Some blood draws go smoothly from start to finish. Others take longer, require extra technique, or need a second attempt. Neither outcome reflects on the patient — difficult sticks are a normal part of phlebotomy, and experienced phlebotomists expect and plan for them. Here is why some draws are harder, and exactly what our team does when they are.
Dehydration and small veins
Hydration is the single biggest controllable factor in how easy or difficult a blood draw will be. When you are well-hydrated, your veins fill with fluid and become larger, firmer, and easier to locate and puncture cleanly. When you are dehydrated, veins shrink, collapse more easily under the needle, and can roll away during the stick.
The practical protocol: drink 16 to 32 ounces of water in the 30 to 60 minutes before your appointment. If you are fasting, you can still drink plain water — it does not affect most lab results and significantly improves vein access. Avoid coffee and caffeinated drinks in the hours before the draw; caffeine is a mild diuretic that works against you. If your appointment is in the morning, start drinking water when you wake up.
A warm compress or warm towel applied to the inner elbow for two to three minutes before the draw causes vasodilation — the vein widens slightly in response to warmth, making it easier to find and access. Our phlebotomists carry warming supplies for exactly this purpose.
Vein depth and anatomy
Some people simply have veins that sit deeper under the skin, are naturally smaller in diameter, or roll to the side when a needle approaches. This is anatomy, not a problem the patient caused. Obesity, thin or fragile skin in older adults, and certain chronic conditions (chronic kidney disease, a history of frequent IV access) all affect vein accessibility.
Our phlebotomists are trained to assess vein anatomy before committing to a puncture site. We palpate (feel) before we stick, look for visible veins under good lighting, and consider multiple sites: the antecubital fossa (inner elbow) is first choice, but the forearm, hand, and wrist are all viable alternatives when the elbow is not accessible.
Anxiety-related vein constriction
When a patient is anxious or frightened, the sympathetic nervous system releases adrenaline. One of adrenaline’s direct effects is vasoconstriction — the veins narrow. This is the body preparing for “fight or flight,” and it makes a phlebotomist’s job meaningfully harder. A patient who was well-hydrated before the appointment may still present with difficult access simply because their veins have constricted from anxiety.
The at-home blood draw helps here in a way that is often underestimated. Clinical environments compound anxiety — the waiting room, unfamiliar faces, fluorescent lighting, and the formal medical setting all contribute to the stress response. At home, most patients are already calmer before we arrive, and vein access is often easier as a result.
Cold temperatures
Cold causes veins to constrict and retreat from the skin’s surface, just as the body conserves heat. If a patient comes in from cold weather or keeps their home very cool, vein access can be significantly harder than it would be on a warm day. Warming the arm before the draw — as described above — addresses this directly. We will always warm the site before accessing it if the patient is cold.
Age-related vein changes
As people age, veins become less elastic and more fragile. The surrounding tissue also changes in ways that make veins easier to miss and easier to bruise. Older adults on blood thinners (warfarin, apixaban, aspirin) require extra care with pressure after the draw to prevent bruising. This is not a contraindication for home blood draws — it simply requires a phlebotomist who is experienced with the geriatric patient population, which our team is.

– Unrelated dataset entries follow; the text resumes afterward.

definition polytope_automorphism ::
  "'a set \<Rightarrow> ('a \<Rightarrow> 'a \<Rightarrow> bool) \<Rightarrow> ('a \<Rightarrow> 'a) \<Rightarrow> bool" where
  "polytope_automorphism F lq \<alpha> \<longleftrightarrow>
     bij_betw \<alpha> F F \<and> (\<forall>x\<in>F. \<forall>y\<in>F. lq x y \<longleftrightarrow> lq (\<alpha> x) (\<alpha> y))"

definition regular_polytope :: "'a set \<Rightarrow> ('a \<Rightarrow> 'a \<Rightarrow> bool) \<Rightarrow> ('a \<Rightarrow> int) \<Rightarrow> nat \<Rightarrow> bool" where
  "regular_polytope F lq rk n \<longleftrightarrow>
     polytope F lq rk n \<and>
     (\<forall>\<Phi> \<Psi>. is_flag F lq \<Phi> \<and> is_flag F lq \<Psi> \<longrightarrow>
        (\<exists>\<alpha>. polytope_automorphism F lq \<alpha> \<and> \<alpha> ` \<Phi> = \<Psi>))"

definition covering ::
  "'a set \<Rightarrow> ('a \<Rightarrow> 'a \<Rightarrow> bool) \<Rightarrow> ('a \<Rightarrow> int) \<Rightarrow>
   'b set \<Rightarrow> ('b \<Rightarrow> 'b \<Rightarrow> bool) \<Rightarrow> ('b \<Rightarrow> int) \<Rightarrow> nat \<Rightarrow> ('a \<Rightarrow> 'b) \<Rightarrow> bool" where
  "covering F lq rk F' lq' rk' n \<gamma> \<longleftrightarrow>
     \<gamma> ` F = F' \<and>
     (\<forall>x\<in>F. rk' (\<gamma> x) = rk x) \<and>
     (\<forall>x\<in>F. \<forall>y\<in>F. lq x y \<longrightarrow> lq' (\<gamma> x) (\<gamma> y)) \<and>
     (\<forall>\<Phi>. is_flag F lq \<Phi> \<longrightarrow> is_flag F' lq' (\<gamma> ` \<Phi>)) \<and>
     (\<forall>i<n. \<forall>\<Phi> \<Psi>. i_adjacent F lq rk i \<Phi> \<Psi> \<longrightarrow>
        i_adjacent F' lq' rk' i (\<gamma> ` \<Phi>) (\<gamma> ` \<Psi>))"

definition covers ::
  "'a set \<Rightarrow> ('a \<Rightarrow> 'a \<Rightarrow> bool) \<Rightarrow> ('a \<Rightarrow> int) \<Rightarrow>
   'b set \<Rightarrow> ('b \<Rightarrow> 'b \<Rightarrow> bool) \<Rightarrow> ('b \<Rightarrow> int) \<Rightarrow> nat \<Rightarrow> bool" where
  "covers F lq rk F' lq' rk' n \<longleftrightarrow> (\<exists>\<gamma>. covering F lq rk F' lq' rk' n \<gamma>)"

definition string_C_group :: "('g, 'm) monoid_scheme \<Rightarrow> (nat \<Rightarrow> 'g) \<Rightarrow> nat \<Rightarrow> bool" where
  "string_C_group G s n \<longleftrightarrow>
     group G \<and>
     (\<forall>i<n. s i \<in> carrier G \<and> s i \<noteq> \<one>\<^bsub>G\<^esub> \<and> s i \<otimes>\<^bsub>G\<^esub> s i = \<one>\<^bsub>G\<^esub>) \<and>
     inj_on s {..<n} \<and>
     generate G (s ` {..<n}) = carrier G \<and>
     (\<forall>i<n. \<forall>j<n. (i + 1 < j \<or> j + 1 < i) \<longrightarrow>
        (s i \<otimes>\<^bsub>G\<^esub> s j) \<otimes>\<^bsub>G\<^esub> (s i \<otimes>\<^bsub>G\<^esub> s j) = \<one>\<^bsub>G\<^esub>) \<and>
     (\<forall>I J. I \<subseteq> {..<n} \<and> J \<subseteq> {..<n} \<longrightarrow>
        generate G (s ` I) \<inter> generate G (s ` J) = generate G (s ` (I \<inter> J)))"

text \<open>W acts (on the right) on the flags of the polytope via the flag action:
  the generator s i sends a flag to its i-adjacent flag.\<close>
definition flag_action ::
  "('g, 'm) monoid_scheme \<Rightarrow> (nat \<Rightarrow> 'g) \<Rightarrow> nat \<Rightarrow>
   'a set \<Rightarrow> ('a \<Rightarrow> 'a \<Rightarrow> bool) \<Rightarrow> ('a \<Rightarrow> int) \<Rightarrow> ('g \<Rightarrow> 'a set \<Rightarrow> 'a set) \<Rightarrow> bool" where
  "flag_action G s n F lq rk act \<longleftrightarrow>
     (\<forall>g\<in>carrier G. \<forall>\<Phi>. is_flag F lq \<Phi> \<longrightarrow> is_flag F lq (act g \<Phi>)) \<and>
     (\<forall>\<Phi>. is_flag F lq \<Phi> \<longrightarrow> act \<one>\<^bsub>G\<^esub> \<Phi> = \<Phi>) \<and>
     (\<forall>g\<in>carrier G. \<forall>h\<in>carrier G. \<forall>\<Phi>. is_flag F lq \<Phi> \<longrightarrow>
        act (g \<otimes>\<^bsub>G\<^esub> h) \<Phi> = act h (act g \<Phi>)) \<and>
     (\<forall>i<n. \<forall>\<Phi>. is_flag F lq \<Phi> \<longrightarrow> i_adjacent F lq rk i \<Phi> (act (s i) \<Phi>))"

definition flag_stabilizer ::
  "('g, 'm) monoid_scheme \<Rightarrow> ('g \<Rightarrow> 'a set \<Rightarrow> 'a set) \<Rightarrow> 'a set \<Rightarrow> 'g set" where
  "flag_stabilizer G act \<Phi> = {g \<in> carrier G. act g \<Phi> = \<Phi>}"

definition core :: "('g, 'm) monoid_scheme \<Rightarrow> 'g set \<Rightarrow> 'g set" where
  "core G N = (\<Inter>w\<in>carrier G. {inv\<^bsub>G\<^esub> w \<otimes>\<^bsub>G\<^esub> x \<otimes>\<^bsub>G\<^esub> w | x. x \<in> N})"

end

theory Submission
  imports Defs
begin

text \<open>Each generator s i sends a flag to its unique i-adjacent flag (diamond condition), so every
  map of flags preserving i-adjacency, such as a covering or an automorphism, commutes with the
  flag action of W. Let K be the stabilizer of a base flag of R. Since R is regular, K fixes every
  flag of R, hence through the covering every flag of P(W)/N; so K lies in every conjugate of N,
  i.e. in Core(W,N), the stabilizer of the base flag of P(W/Core(W,N)). Therefore the orbit map
  g.\<Psi>0 to g.\<Phi>C is a well defined equivariant map of flags. It induces a covering on faces
  because, by strong flag-connectivity, any two flags through a face x are joined by adjacencies
  of ranks other than the rank of x, which keep the image of x fixed.\<close>

section \<open>Faces and flags of an abstract polytope\<close>

locale abstract_polytope =
  fixes F :: "'a set" and lq :: "'a \<Rightarrow> 'a \<Rightarrow> bool" and rk :: "'a \<Rightarrow> int" and n :: nat
  assumes polytope: "polytope F lq rk n"
begin

lemma partial_order: "partial_order_on_set F lq"
  using polytope unfolding polytope_def by (elim conjE)

lemma le_refl: "x \<in> F \<Longrightarrow> lq x x"
  using partial_order unfolding partial_order_on_set_def by blast

lemma le_trans: "x \<in> F \<Longrightarrow> y \<in> F \<Longrightarrow> z \<in> F \<Longrightarrow> lq x y \<Longrightarrow> lq y z \<Longrightarrow> lq x z"
  using partial_order unfolding partial_order_on_set_def by blast

lemma least_face: "\<exists>b\<in>F. \<forall>x\<in>F. lq b x"
  using polytope unfolding polytope_def by (elim conjE) blast

lemma greatest_face: "\<exists>t\<in>F. \<forall>x\<in>F. lq x t"
  using polytope unfolding polytope_def by (elim conjE) blast

lemma rank_range: "x \<in> F \<Longrightarrow> -1 \<le> rk x \<and> rk x \<le> int n"
  using polytope unfolding polytope_def by (elim conjE) blast

lemma rank_less: "x \<in> F \<Longrightarrow> y \<in> F \<Longrightarrow> lq x y \<Longrightarrow> x \<noteq> y \<Longrightarrow> rk x < rk y"
  using polytope unfolding polytope_def by (elim conjE) blast

lemma rank_le: "x \<in> F \<Longrightarrow> y \<in> F \<Longrightarrow> lq x y \<Longrightarrow> rk x \<le> rk y"
  using rank_less by fastforce

lemma flag_unique_face_of_rank:
  "is_flag F lq \<Phi> \<Longrightarrow> -1 \<le> i \<Longrightarrow> i \<le> int n \<Longrightarrow> \<exists>!x. x \<in> \<Phi> \<and> rk x = i"
  using polytope unfolding polytope_def by (elim conjE) blast

lemma diamond:
  "x \<in> F \<Longrightarrow> y \<in> F \<Longrightarrow> lq x y \<Longrightarrow> rk y = rk x + 2 \<Longrightarrow>
     card {z\<in>F. lq x z \<and> lq z y \<and> z \<noteq> x \<and> z \<noteq> y} = 2"
  using polytope unfolding polytope_def by (elim conjE) blast

lemma section_connected: "x \<in> F \<Longrightarrow> y \<in> F \<Longrightarrow> lq x y \<Longrightarrow> section_connected F lq rk x y"
  using polytope unfolding polytope_def by (elim conjE) blast

lemma flag_subset: "is_flag F lq \<Phi> \<Longrightarrow> \<Phi> \<subseteq> F"
  unfolding is_flag_def by blast

lemma flag_comparable: "is_flag F lq \<Phi> \<Longrightarrow> x \<in> \<Phi> \<Longrightarrow> y \<in> \<Phi> \<Longrightarrow> lq x y \<or> lq y x"
  unfolding is_flag_def by blast

lemma flag_maximal: "is_flag F lq \<Phi> \<Longrightarrow> x \<in> F \<Longrightarrow> \<forall>y\<in>\<Phi>. lq x y \<or> lq y x \<Longrightarrow> x \<in> \<Phi>"
  unfolding is_flag_def by blast

lemma flag_rank_inj:
  assumes "is_flag F lq \<Phi>" "x \<in> \<Phi>" "y \<in> \<Phi>" "rk x = rk y"
  shows "x = y"
  using flag_comparable[OF assms(1-3)] flag_subset[OF assms(1)] assms(2-4) rank_less by fastforce

lemma flag_le_of_rank_le:
  assumes "is_flag F lq \<Phi>" "x \<in> \<Phi>" "y \<in> \<Phi>" "rk x \<le> rk y"
  shows "lq x y"
proof (cases "x = y")
  case True
  then show ?thesis using le_refl flag_subset[OF assms(1)] assms(3) by blast
next
  case False
  then show ?thesis
    using flag_comparable[OF assms(1-3)] flag_subset[OF assms(1)] assms(2-4) rank_less[of y x] by fastforce
qed

lemma flag_subset_eq:
  assumes "is_flag F lq \<Phi>" "is_flag F lq \<Psi>" "\<Phi> \<subseteq> \<Psi>"
  shows "\<Phi> = \<Psi>"
proof -
  have "y \<in> \<Phi>" if "y \<in> \<Psi>" for y
    using flag_maximal[OF assms(1)] flag_subset[OF assms(2)] flag_comparable[OF assms(2) that] assms(3) that
    by blast
  then show ?thesis using assms(3) by blast
qed

lemma chain_extends_to_flag:
  assumes "C \<subseteq> F" "\<forall>x\<in>C. \<forall>y\<in>C. lq x y \<or> lq y x"
  obtains \<Phi> where "is_flag F lq \<Phi>" "C \<subseteq> \<Phi>"
proof -
  define A where "A = {D. C \<subseteq> D \<and> D \<subseteq> F \<and> (\<forall>x\<in>D. \<forall>y\<in>D. lq x y \<or> lq y x)}"
  have "\<exists>U\<in>A. \<forall>X\<in>Ch. X \<subseteq> U" if ch: "Ch \<in> chains A" for Ch
  proof (cases "Ch = {}")
    case True
    then show ?thesis using assms unfolding A_def by blast
  next
    case False
    have sub: "Ch \<subseteq> A" and lin: "\<And>X Y. X \<in> Ch \<Longrightarrow> Y \<in> Ch \<Longrightarrow> X \<subseteq> Y \<or> Y \<subseteq> X"
      using ch unfolding chains_def chain_subset_def by auto
    have "\<forall>x\<in>\<Union>Ch. \<forall>y\<in>\<Union>Ch. lq x y \<or> lq y x"
    proof (intro ballI)
      fix x y assume "x \<in> \<Union>Ch" "y \<in> \<Union>Ch"
      then obtain X Y where "X \<in> Ch" "Y \<in> Ch" "x \<in> X" "y \<in> Y" by blast
      then show "lq x y \<or> lq y x" using lin[of X Y] sub unfolding A_def by blast
    qed
    then have "\<Union>Ch \<in> A" using False sub unfolding A_def by blast
    then show ?thesis by blast
  qed
  then obtain M where M: "M \<in> A" "\<forall>X\<in>A. M \<subseteq> X \<longrightarrow> X = M"
    using Zorn_Lemma2[of A] by blast
  have "is_flag F lq M"
    unfolding is_flag_def
  proof (intro conjI ballI impI)
    fix x assume x: "x \<in> F" "\<forall>y\<in>M. lq x y \<or> lq y x"
    have "insert x M \<in> A" using M(1) x le_refl unfolding A_def by auto
    then show "x \<in> M" using M(2) by blast
  qed (use M(1) A_def in auto)
  then show ?thesis using that M(1) unfolding A_def by blast
qed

What Speedy Sticks phlebotomists do when a draw is difficult
When standard access at the antecubital site is not working, we have a clear escalation sequence:
- Warm the site. Apply a warm pack for two to three minutes and reassess.
- Switch arms. The non-dominant arm may have different and more accessible vein anatomy.
- Switch to a butterfly needle. A 23- or 25-gauge butterfly (winged infusion set) gives us more control and flexibility than a straight needle, and causes less trauma to fragile or small veins.
- Try alternative sites. The dorsal hand veins, the forearm, and occasionally the wrist are all usable alternatives when the elbow is inaccessible.
- Pause and reset. If a patient is anxious, we pause, have a conversation, give them time to breathe and relax, and try again when the vasoconstriction has eased.
- Call for a second phlebotomist. In rare cases where multiple standard attempts have not succeeded, we will bring in a second Speedy Sticks phlebotomist rather than continue to attempt on the same patient. A difficult stick is not a failure — pushing past reasonable attempts does not serve the patient.
We never exceed two attempts per site. Patient comfort and trust are the priority, and a rescheduled draw with better preparation is always better than a traumatic one.